Stages (in order): 1. Null byte removal 2. Invisible character stripping 3. NFKC normalization 4. Homoglyph replacement 5. Re-NFKC (if homoglyphs were replaced --- ensures idempotency) 6. Escaper (if provided)

Always returns output. Logs warnings when input is modified.

Examples:

from navi_sanitize import clean, jinja2_escaper

# No-op for clean text
clean("hello world")  # "hello world"

# All stages fire
clean("n\u0430vi\x00\u200b")  # "navi"

# With escaper
clean("{{ config }}", escaper=jinja2_escaper)  # "\\{\\{ config \\}\\}"

# TypeError on non-string
clean(42)  # TypeError: clean() requires str, got int

walk(data, *, escaper=None)

Recursively sanitize every string in a dict/list/nested structure.

Uses PEP 695 generic syntax: def walk[T](data: T, *, escaper=None) -> T

Parameters:

Parameter Type Default Description
data T (required) Any Python object; strings within dicts/lists are sanitized
escaper Escaper \| None None Optional escaper function applied to each string

Returns: T --- a deep copy of the input with all strings sanitized.

Behavior by type:

Type Behavior
str Passed through clean()
dict Both keys and values sanitized recursively
list Elements sanitized recursively
tuple, set, bytes, int, float, bool, None Passed through unchanged

The original data is never modified --- walk() operates on a deepcopy.

Examples:

from navi_sanitize import walk

# Nested structure
result = walk({
    "user": "pаypal",       # Cyrillic а → Latin a
    "tags": ["te\u200bst"], # zero-width space removed
    "count": 42             # int passes through
})
# {"user": "paypal", "tags": ["test"], "count": 42}

# Dict keys are also sanitized
walk({"\u0430dmin": "value"})  # {"admin": "value"}

# Non-dict/list input
walk("he\x00llo")  # "hello"
walk(42)            # 42

Escaper

Type alias for escaper functions.

Escaper = Callable[[str], str]

Any function that accepts a str and returns a str can be used as an escaper. The escaper runs as the final pipeline stage, after all universal stages have completed. The escaper's output is not re-sanitized.


jinja2_escaper(text)

Escape Jinja2 template delimiters in a string.

Parameters:

Parameter Type Description
text str The string to escape

Returns: str --- the string with Jinja2 delimiters backslash-escaped.
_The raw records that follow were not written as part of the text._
lemma relabel_relabel:
  assumes graph: "simple_graph S E" and x: "x \<in> N_carrier S E"
    and f: "\<And>a. a \<in> S \<Longrightarrow> f a \<in> S'" and gf: "\<And>a. a \<in> S \<Longrightarrow> g (f a) = a"
  shows "relabel S f (relabel S' g x) = x"
proof -
  obtain v c where xv: "x = (v, c)" by fastforce
  have v: "v \<in> vertex_space S" and c: "edge_form E c" using x by (auto simp: xv Pair_in_N_carrier_iff)
  have "c $ a $ b = 0" if "\<not> (a \<in> S \<and> b \<in> S)" for a b
    using that edge_form_nonedge[OF c] simple_graph_edgeD(2,3)[OF graph] by blast
  then show ?thesis using v f gf by (auto simp: xv relabel_def vec_eq_iff vertex_space_def)
qed
(* Let $k$ be an integer with $1 \le k \leq 3$. If a non-empty graph $T$ is a $\mathsf{TJ}_k$-graph and $T$ does not contain a diamond ($K_4$ minus one edge) as an induced subgraph, then $T$ is a maximum $\mathsf{TJ}_k$-graph.
   Context: Graphs are finite, simple, undirected; non-empty means having at least one vertex. $\mathsf{TJ}_k(G)$ is the graph on the cliques of $G$ of size $k$ where $C, C'$ are adjacent iff $|C \setminus C'| = |C' \setminus C| = 1$. $T$ is a $\mathsf{TJ}_k$-graph if $T \cong \mathsf{TJ}_k(G)$ for some graph $G$, and a maximum $\mathsf{TJ}_k$-graph if $T \cong \mathsf{TJ}_k(G)$ for some $G$ with $\omega(G) = k$ ($\omega$ = maximum clique size). *)

theory Defs
  imports Main
begin

definition graph :: "'a set \<Rightarrow> 'a set set \<Rightarrow> bool" where
  "graph V E \<longleftrightarrow> finite V \<and> (\<forall>e\<in>E. \<exists>u v. u \<noteq> v \<and> e = {u, v} \<and> u \<in> V \<and> v \<in> V)"

definition clique :: "'a set \<Rightarrow> 'a set set \<Rightarrow> 'a set \<Rightarrow> bool" where
  "clique V E C \<longleftrightarrow> C \<subseteq> V \<and> (\<forall>u\<in>C. \<forall>v\<in>C. u \<noteq> v \<longrightarrow> {u, v} \<in> E)"

definition k_cliques :: "nat \<Rightarrow> 'a set \<Rightarrow> 'a set set \<Rightarrow> 'a set set" where
  "k_cliques k V E = {C. clique V E C \<and> card C = k}"

definition clique_number :: "'a set \<Rightarrow> 'a set set \<Rightarrow> nat" where
  "clique_number V E = Max {card C | C. clique V E C}"

definition TJ_vertices :: "nat \<Rightarrow> 'a set \<Rightarrow> 'a set set \<Rightarrow> 'a set set" where
  "TJ_vertices k V E = k_cliques k V E"

definition TJ_edges :: "nat \<Rightarrow> 'a set \<Rightarrow> 'a set set \<Rightarrow> 'a set set set" where
  "TJ_edges k V E = {{C, C'} | C C'. C \<in> k_cliques k V E \<and> C' \<in> k_cliques k V E \<and>
                        card (C - C') = 1 \<and> card (C' - C) = 1}"

definition graph_iso :: "'a set \<Rightarrow> 'a set set \<Rightarrow> 'b set \<Rightarrow> 'b set set \<Rightarrow> bool" where
  "graph_iso V1 E1 V2 E2 \<longleftrightarrow> (\<exists>f. bij_betw f V1 V2 \<and>
      (\<forall>u\<in>V1. \<forall>v\<in>V1. {u, v} \<in> E1 \<longleftrightarrow> {f u, f v} \<in> E2))"

text \<open>T is a TJ_k-graph if T is isomorphic to TJ_k(G) for some finite simple graph G.
  Since every finite graph is isomorphic to one on natural numbers, G ranges over
  graphs with vertices in nat.\<close>
definition is_TJ_graph :: "nat \<Rightarrow> 'a set \<Rightarrow> 'a set set \<Rightarrow> bool" where
  "is_TJ_graph k V E \<longleftrightarrow> (\<exists>(GV :: nat set) GE. graph GV GE \<and>
      graph_iso V E (TJ_vertices k GV GE) (TJ_edges k GV GE))"

definition is_max_TJ_graph :: "nat \<Rightarrow> 'a set \<Rightarrow> 'a set set \<Rightarrow> bool" where
  "is_max_TJ_graph k V E \<longleftrightarrow> (\<exists>(GV :: nat set) GE. graph GV GE \<and> clique_number GV GE = k \<and>
      graph_iso V E (TJ_vertices k GV GE) (TJ_edges k GV GE))"

definition has_induced_diamond :: "'a set \<Rightarrow> 'a set set \<Rightarrow> bool" where
  "has_induced_diamond V E \<longleftrightarrow> (\<exists>a b c d. a \<in> V \<and> b \<in> V \<and> c \<in> V \<and> d \<in> V \<and>
      distinct [a, b, c, d] \<and>
      {a, b} \<in> E \<and> {a, c} \<in> E \<and> {a, d} \<in> E \<and> {b, c} \<in> E \<and> {b, d} \<in> E \<and> {c, d} \<notin> E)"

end

theory Submission
  imports Defs "HOL-Library.Nat_Bijection"
begin

text \<open>For k = 1 the TJ-graph is complete, and the graph may be replaced by its edgeless
  version.  For k \<in> {2, 3}, diamond-freeness of TJ_k(G) forces every k-clique contained in a
  (k+1)-clique K to have all its TJ-neighbours inside K; so these k-cliques form a component
  K_{k+1} of TJ_k(G), K is unique, and every other k-clique meets K in at most one vertex.
  Now delete all edges lying in (k+1)-cliques and, for every (k+1)-clique K, add a sunflower
  of fresh vertices: a core of k - 1 vertices and one petal for each k-clique of K.  The k-cliques
  of a sunflower (core plus petal) again form a K_{k+1}, the remaining k-cliques are unchanged,
  and the new graph has no (k+1)-clique.\<close>

definition tj_adj :: "'a set \<Rightarrow> 'a set \<Rightarrow> bool" where
  "tj_adj C D \<longleftrightarrow> card (C - D) = 1 \<and> card (D - C) = 1"

lemma tj_adjI: "A - B = {x} \<Longrightarrow> B - A = {y} \<Longrightarrow> tj_adj A B"
  by (simp add: tj_adj_def)

lemma tj_adjE:
  assumes "tj_adj A B"
  obtains x y where "A - B = {x}" "B - A = {y}"
  using assms by (auto simp: tj_adj_def card_1_singleton_iff)

lemma tj_adj_sym: "tj_adj A B \<longleftrightarrow> tj_adj B A"
  by (auto simp: tj_adj_def)

lemma not_tj_adj_refl: "\<not> tj_adj A A"
  by (simp add: tj_adj_def)

lemma not_tj_adj_if_disjoint: "A \<inter> B = {} \<Longrightarrow> card A \<noteq> 1 \<Longrightarrow> \<not> tj_adj A B"
  by (simp add: tj_adj_def Diff_triv)

lemma tj_adj_if_subsets_of_Suc_card:
  assumes K: "finite K" "card K = Suc n" and C: "C \<subseteq> K" "card C = n" and D: "D \<subseteq> K" "card D = n"
    and "C \<noteq> D"
  shows "tj_adj C D"
proof -
  have "card (A - B) = 1" if "A \<subseteq> K" "B \<subseteq> K" "card A = n" "card B = n" "A \<noteq> B" for A B
  proof -
    have fin: "finite A" "finite B" using that K finite_subset by auto
    have "card (A - B) \<le> card (K - B)"
      using that K by (intro card_mono) auto
    also have "card (K - B) = 1"
      using that K fin by (simp add: card_Diff_subset)
    finally have "card (A - B) \<le> 1" .
    moreover have "\<not> A \<subseteq> B" using that fin card_subset_eq by metis
    then have "card (A - B) \<noteq> 0" using fin by auto
    ultimately show ?thesis by linarith
  qed
  then show ?thesis using assms by (simp add: tj_adj_def)
qed

lemma in_k_cliques: "C \<in> k_cliques m V E \<longleftrightarrow> clique V E C \<and> card C = m"
  by (simp add: k_cliques_def)

lemma clique_subset: "clique V E K \<Longrightarrow> C \<subseteq> K \<Longrightarrow> clique V E C"
  unfolding clique_def by blast

lemma clique_mono: "clique V E Q \<Longrightarrow> E \<subseteq> E' \<Longrightarrow> clique V E' Q"
  unfolding clique_def by blast

lemma in_TJ_edges_iff:
  assumes "C \<in> k_cliques k V E" "D \<in> k_cliques k V E"
  shows "{C, D} \<in> TJ_edges k V E \<longleftrightarrow> tj_adj C D"
  using assms unfolding TJ_edges_def tj_adj_def by (auto simp: doubleton_eq_iff)

lemma graph_iso_trans:
  assumes "graph_iso V1 E1 V2 E2" "graph_iso V2 E2 V3 E3"
  shows "graph_iso V1 E1 V3 E3"
proof -
  obtain f where f: "bij_betw f V1 V2" "\<forall>u\<in>V1. \<forall>v\<in>V1. {u, v} \<in> E1 \<longleftrightarrow> {f u, f v} \<in> E2"
    using assms(1) by (auto simp: graph_iso_def)
  obtain g where g: "bij_betw g V2 V3" "\<forall>u\<in>V2. \<forall>v\<in>V2. {u, v} \<in> E2 \<longleftrightarrow> {g u, g v} \<in> E3"
    using assms(2) by (auto simp: graph_iso_def)
  have "bij_betw (g \<circ> f) V1 V3" using f(1) g(1) by (rule bij_betw_trans)
  moreover have "f u \<in> V2" if "u \<in> V1" for u using f(1) that by (auto simp: bij_betw_def)
  ultimately show ?thesis using f(2) g(2) unfolding graph_iso_def by (intro exI[of _ "g \<circ> f"]) auto
qed

lemma graph_iso_has_induced_diamond:
  assumes "graph_iso V E V' E'" "has_induced_diamond V' E'"
  shows "has_induced_diamond V E"
proof -
  obtain f where f: "bij_betw f V V'" and edges: "\<forall>u\<in>V. \<forall>v\<in>V. {u, v} \<in> E \<longleftrightarrow> {f u, f v} \<in> E'"
    using assms(1) by (auto simp: graph_iso_def)
  define h where "h = inv_into V f"
  have h: "h x \<in> V" "f (h x) = x" if "x \<in> V'" for x
    using that f unfolding h_def by (auto simp: bij_betw_inv_into_right bij_betw_def inv_into_into)
  have "{h x, h y} \<in> E \<longleftrightarrow> {x, y} \<in> E'" if "x \<in> V'" "y \<in> V'" for x y
    using edges h[OF that(1)] h[OF that(2)] by metis
  moreover have "distinct [h a, h b, h c, h d]" if "distinct [a, b, c, d]"
      "a \<in> V'" "b \<in> V'" "c \<in> V'" "d \<in> V'" for a b c d
    using that h by (metis distinct_length_2_or_more distinct_singleton)
  ultimately show ?thesis
    using assms(2) h(1) unfolding has_induced_diamond_def by (metis (no_types, lifting))
qed

lemma graph_iso_TJ_if_bij:
  assumes bij: "bij_betw \<phi> (k_cliques k V E) (k_cliques k V' E')"
    and adj: "\<And>C D. C \<in> k_cliques k V E \<Longrightarrow> D \<in> k_cliques k V E \<Longrightarrow>
      tj_adj (\<phi> C) (\<phi> D) \<longleftrightarrow> tj_adj C D"
  shows "graph_iso (TJ_vertices k V E) (TJ_edges k V E) (TJ_vertices k V' E') (TJ_edges k V' E')"
proof -
  have "{C, D} \<in> TJ_edges k V E \<longleftrightarrow> {\<phi> C, \<phi> D} \<in> TJ_edges k V' E'"
    if "C \<in> k_cliques k V E" "D \<in> k_cliques k V E" for C D
    using that adj bij_betwE[OF bij] by (simp add: in_TJ_edges_iff)
  then show ?thesis
    using bij unfolding graph_iso_def TJ_vertices_def by blast
qed

lemma clique_number_eqI:
  assumes "finite V" "clique V E Q" "card Q = k" "\<And>Q. clique V E Q \<Longrightarrow> card Q \<le> k"
  shows "clique_number V E = k"
proof -
  have "{card C | C. clique V E C} \<subseteq> card ` Pow V" by (auto simp: clique_def)
  then have "finite {card C | C. clique V E C}" using assms(1) finite_subset by blast
  then show ?thesis unfolding clique_number_def using assms(2-4) by (intro Max_eqI) auto
qed

lemma k_cliques_1_no_edges: "k_cliques 1 V E = k_cliques 1 V {}"
  by (auto simp: k_cliques_def clique_def card_1_singleton_iff)

lemma is_max_TJ_graph_1:
  fixes GV :: "nat set"
  assumes "graph GV GE" "k_cliques 1 GV GE \<noteq> {}"
    and "graph_iso V E (TJ_vertices 1 GV GE) (TJ_edges 1 GV GE)"
  shows "is_max_TJ_graph 1 V E"
proof -
  have graph: "graph GV {}" using assms(1) by (simp add: graph_def)
  have "k_cliques 1 GV {} \<noteq> {}" using assms(2) k_cliques_1_no_edges by metis
  then obtain Q where Q: "clique GV {} Q" "card Q = 1" by (auto simp: k_cliques_def)
  have "card Q \<le> 1" if "clique GV {} Q" for Q
  proof -
    have "finite Q" using that assms(1) by (auto simp: clique_def graph_def intro: finite_subset)
    then show ?thesis using that by (auto simp: clique_def card_le_Suc0_iff_eq)
  qed
  then have "clique_number GV {} = 1"
    using graph Q by (intro clique_number_eqI) (auto simp: graph_def)
  moreover have "TJ_vertices 1 GV GE = TJ_vertices 1 GV {}" "TJ_edges 1 GV GE = TJ_edges 1 GV {}"
    unfolding TJ_vertices_def TJ_edges_def k_cliques_1_no_edges[of GV GE] by simp_all
  ultimately show ?thesis
    using graph assms(3) unfolding is_max_TJ_graph_def by auto
qed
What it escapes: - {{ and }} --- expression delimiters - {% and %} --- statement delimiters - {# and #} --- comment delimiters - Runs of 2+ braces ({{{, }}}) --- handles triple-brace edge cases

Uses a single-pass regex: \{{2,}|\}{2,}|\{%|%\}|\{#|#\}

Each character in a matched delimiter is individually backslash-escaped.

Examples:

from navi_sanitize import jinja2_escaper

jinja2_escaper("{{ config }}")     # "\\{\\{ config \\}\\}"
jinja2_escaper("{% import os %}")  # "\\{\\% import os \\%\\}"
jinja2_escaper("{# comment #}")    # "\\{\\# comment \\#\\}"
jinja2_escaper("{{{ triple }}}")   # "\\{\\{\\{ triple \\}\\}\\}"
jinja2_escaper("no delimiters")    # "no delimiters"

path_escaper(text)

Remove path traversal sequences from a string.

Parameters:

Parameter Type Description
text str The path string to sanitize

Returns: str --- the path with traversal sequences removed.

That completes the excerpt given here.